Nach der Gründung Israels dann explodierten diese seit langem virulenten Aversionen und endeten in dem Massenexodus fast aller 900 000 Juden – ein bis heute weitgehend ignoriertes und verdrängtes Kapitel in der nahöstlichen Geschichte des 20. Jahrhunderts. Im Irak und in Ägypten lebten Juden seit mehr als zweieinhalbtausend Jahren. Noch Ende der 1930er Jahre war ein Drittel der Bewohner Bagdads jüdisch, ein höherer Anteil als zur gleichen Zeit in Städten wie New York oder Warschau. Auch waren die meisten Vertriebenen keine Anhänger der zionistischen Idee. 600.000 arabische Juden, die fast alle ihren Besitz verloren, fanden Aufnahme in Israel. Die übrigen 300 000 gingen nach Europa oder Amerika.

Heute leben noch etwa 4500 Juden in der arabischen Welt, die meisten in Tunesien und Marokko. Aus Ägypten, Syrien, Irak, Libyen und Algerien wurden sie mit massiver Staatsgewalt davongejagt. Andere, wie ihre Schicksalsgenossen in Tunesien und Marokko, wurden systematisch schikaniert, bis sie ihre Heimat aufgaben.

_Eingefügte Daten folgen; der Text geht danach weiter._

lemma sum_permutes3: "w permutes {..<3::nat} \<Longrightarrow> (\<Sum>k<3. g (w k)) = (\<Sum>k<3. g k)"
  using sum.permute[of w "{..<3}" g] by simp

lemma in_alcove_lift_iff:
  fixes X Y U :: "nat \<Rightarrow> int"
  assumes W: "W permutes {..<3}" and fac: "Wtil1_factor b W U" and U2: "U 2 = 0"
    and Y: "\<And>k. k < 3 \<Longrightarrow> Y k = X (W k) + int p * U k + c"
  shows "in_alcove p False (\<lambda>k. of_int (Y k)) \<longleftrightarrow> in_alcove p b (\<lambda>k. of_int (X k))"
proof -
  define Z :: "nat \<Rightarrow> real" where "Z = (\<lambda>k. of_int (X (W k) + int p * U k))"
  have "in_alcove p False (\<lambda>k. of_int (Y k)) \<longleftrightarrow> in_alcove p False (\<lambda>k. Z k + of_int c)"
    by (intro in_alcove_cong) (simp add: Y Z_def)
  also have "\<dots> \<longleftrightarrow> in_alcove p b (\<lambda>k. Z (inv W k) - real p * of_int (U (inv W k)))"
    by (simp add: in_alcove_add_const in_alcove_Wtil1_factor_iff[OF fac W U2])
  also have "\<dots> \<longleftrightarrow> in_alcove p b (\<lambda>k. of_int (X k))"
    by (intro in_alcove_cong) (simp add: Z_def permutes_inverses(1)[OF W])
  finally show ?thesis .
qed

lemma Trns_rep_minus_const:
  assumes w: "w \<in> Wgrp f" and nu: "nu \<in> LR f" and s: "res f s = om" and i: "i < f"
    and U: "\<And>k. k < 3 \<Longrightarrow> om ((i + 1) mod f) k = U k"
    and lift: "\<And>k. k < 3 \<Longrightarrow> mu i k + om i k + nu i k = lam i (w i k) + eta f i (w i k) + int p * U k + c"
    and j: "j < 3"
  shows "Trns_rep f p mu s nu w i j - lam i j
    = c + (s i 2 - (nu i 0 + nu i 1) div 3 - int p * s ((i + 1) mod f) 2)"
proof -
  define k where "k = inv (w i) j"
  have k: "k < 3" unfolding k_def by (rule inv_permutes3_lt[OF Wgrp_permutes[OF w i] j])
  have "w i k = j" unfolding k_def using Wgrp_bij[OF w] by (simp add: bij_def surj_f_inv_f)
  then show ?thesis
    using Trns_rep_shifted[OF w nu s i j, of p mu] lift[OF k] U[OF k] unfolding k_def[symmetric]
    by simp
qed

lemma resZ_eq_sum3: "i < f \<Longrightarrow> resZ f x i = x i 0 + x i 1 + x i 2"
  by (simp add: resZ_def sum_lessThan_3)

lemma Wtil1_factor_unique_mod_LR:
  assumes nu: "nu \<in> LR f" and om: "om \<in> LW f" and r: "r < f"
    and fac: "Wtil1_factor b w (om r)" and fac': "Wtil1_factor b w' U" and U2: "U 2 = 0"
    and same_class: "(om r 0 + nu r 0 + (om r 1 + nu r 1)) mod 3 = (U 0 + U 1) mod 3"
    and k: "k < 3"
  shows "w k = w' k \<and> om r k = U k"
proof -
  have "(om r 0 + om r 1) mod 3 = (U 0 + U 1) mod 3"
    using LR_add_mod3[OF nu r, of om] same_class by simp
  then have "w 0 = w' 0 \<and> w 1 = w' 1 \<and> w 2 = w' 2 \<and> om r 0 = U 0 \<and> om r 1 = U 1"
    by (rule Wtil1_factor_unique[OF fac fac'])
  moreover have "om r 2 = 0" using om by (simp add: LW_def)
  moreover have "k = 0 \<or> k = 1 \<or> k = 2" using k by arith
  ultimately show ?thesis using U2 by auto
qed

lemma Trns_rep_cls_eq:
  assumes w: "w \<in> Wgrp f" and nu: "nu \<in> LR f" and s: "s \<in> Xw f" "res f s = om"
    and mu: "mu \<in> Xw f" and lam: "lam \<in> Xw f"
    and y: "\<And>i. i < f \<Longrightarrow> resZ f lam i = resZ f mu i + int p * y i - y ((i + f - 1) mod f)"
    and U: "\<And>i k. i < f \<Longrightarrow> k < 3 \<Longrightarrow> om ((i + 1) mod f) k = U i k"
    and U_class: "\<And>i. (U i 0 + U i 1) mod 3 = (- y i) mod 3"
    and lift: "\<And>i k. i < f \<Longrightarrow> k < 3 \<Longrightarrow>
      mu i k + om i k + nu i k = lam i (w i k) + eta f i (w i k) + int p * U i k + c i"
  shows "cls f p (Trns_rep f p mu s nu w) = cls f p lam"
proof (rule cls_eq_of_factorwise_diff[OF Trns_rep_Xw[OF w mu s(1)] lam])
  define Q where "Q k = (resZ f s k + y ((k + f - 1) mod f)) div 3" for k
  fix i j :: nat assume i: "i < f" and j: "j < 3"
  define e where "e = c i + (s i 2 - (nu i 0 + nu i 1) div 3 - int p * s ((i + 1) mod f) 2)"
  have diff: "Trns_rep f p mu s nu w i j' - lam i j' = e" if "j' < 3" for j'
    unfolding e_def
    by (rule Trns_rep_minus_const[OF w nu s(2) i,
          where U = "U i" and c = "c i" and mu = mu and lam = lam and p = p, OF U[OF i] lift[OF i] that])
  have Q3: "3 * Q k = resZ f s k + y ((k + f - 1) mod f)" if k: "k < f" for k
  proof -
    let ?k' = "(k + f - 1) mod f"
    have "s k 0 = om k 0 + s k 2" "s k 1 = om k 1 + s k 2"
      using res_eqD[OF s(2) k, of 0] res_eqD[OF s(2) k, of 1] by simp_all
    moreover have "om k 0 = U ?k' 0" "om k 1 = U ?k' 1"
      using U[of ?k'] k by simp_all
    ultimately have "resZ f s k = U ?k' 0 + U ?k' 1 + 3 * s k 2"
      using k by (simp add: resZ_eq_sum3)
    moreover have "3 dvd (U ?k' 0 + U ?k' 1) + y ?k'"
      using U_class[of ?k'] by (simp add: mod_eq_dvd_iff)
    ultimately have "3 dvd resZ f s k + y ?k'" by presburger
    then show ?thesis by (simp add: Q_def)
  qed
  have "3 * e = resZ f (Trns_rep f p mu s nu w) i - resZ f lam i"
    using diff[of 0] diff[of 1] diff[of 2] i by (simp add: resZ_eq_sum3)
  also have "\<dots> = 3 * Q i - int p * (3 * Q ((i + 1) mod f))"
    using resZ_Trns_rep[OF w nu i, of p mu s] y[OF i] Q3[OF i]
      Q3[OF succ_mod_lt[OF i], unfolded pred_succ_mod[OF i]]
    by (simp add: algebra_simps)
  finally show "Trns_rep f p mu s nu w i j - lam i j = Q i - int p * Q ((i + 1) mod f)"
    using diff[OF j] by simp
qed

Beide Historiker zeichnen von der Geschichte und Situation der einzelnen jüdischen Minderheiten ein detailliertes Bild – angefangen bei den nordafrikanischen Staaten des Maghreb, über Syrien, Libanon, Ägypten, Irak und Jemen bis hin zum Iran, der Türkei und Afghanistan. Mit einer Fülle von Texten aus dem 19. und frühen 20. Jahrhundert belegt Bensoussan, in welchem Elend viele Juden in den übervölkerten und von Epidemien heimgesuchten Ghettos, den so genannten Mellahs, leben mussten. Andere Berichte über »die Heftigkeit der antijüdischen Stimmung« unter den Muslimen stammen von westlichen Zeitzeugen wie Militärangehörige und Kolonialverwalter, Polizisten und Ärzte sowie Lehrer, Pfarrer, Journalisten und Reisende. »Die Allgegenwart der Furcht beherrscht die Geschichte aller jüdischen Gemeinden auf arabischem Boden«, resümiert Bensoussan in »Die Juden der arabischen Welt. Die verbotene Frage«.

Weinstock arbeitet heraus, dass für die kollektive Mentalität der muslimischen Bevölkerung vor allem die abfällige Haltung gegenüber den so genannten Dhimmis prägend war, die als minderwertige »Schutzbefohlene« galten. Diese »unergründliche Verachtung« ist in seinen Augen »das Zentrum des Problems« und »die tiefste Triebfeder« für »diesen Status der Demütigung, der Entwürdigung und der Erniedrigung der nicht-muslimischen Minderheiten«. Durch den Import des westlichen Antisemitismus sei dieser Graben weiter vertieft worden, so Nathan Weinstock.

»Das berühmte idyllische Leben der Juden in den arabischen Ländern ist ein Mythos“, bilanzierte nach dem Ende der Tragödie der tunesisch-französische Schriftsteller Albert Memmi. »Die Wahrheit ist, dass wir in erster Linie eine Minderheit in einem feindlichen Umfeld waren. Niemals, und ich meine wirklich niemals, haben die Juden in arabischen Ländern anders als erniedrigte Menschen gelebt.« Trotzdem, so diagnostiziert der Historiker Georges Bensoussan, haben Juden des Orients diese dunkle historische Realität immer wieder geleugnet und zeichnen, teilweise bis heute, ein nostalgisches Bild – ein Zwiespalt, den auch Albert Memmi von sich kennt. »In unseren Erinnerungen, unserer Phantasie war es ein völlig wunderbares Leben«, schrieb er, »wohingegen unsere eigenen Tagebücher der damaligen Zeit das Gegenteil bezeugen.«

Nathan Weinstock: Der zerrissene Faden. Dt. v. Joel Naber. Verlag ça ira, 2019. 480 S., 23 Euro.
Georges Bensoussan: Die Juden der arabischen Welt. Dt. v. Jürgen Schröder. Hentrich & Hentrich. 192 S., 19,90 Euro.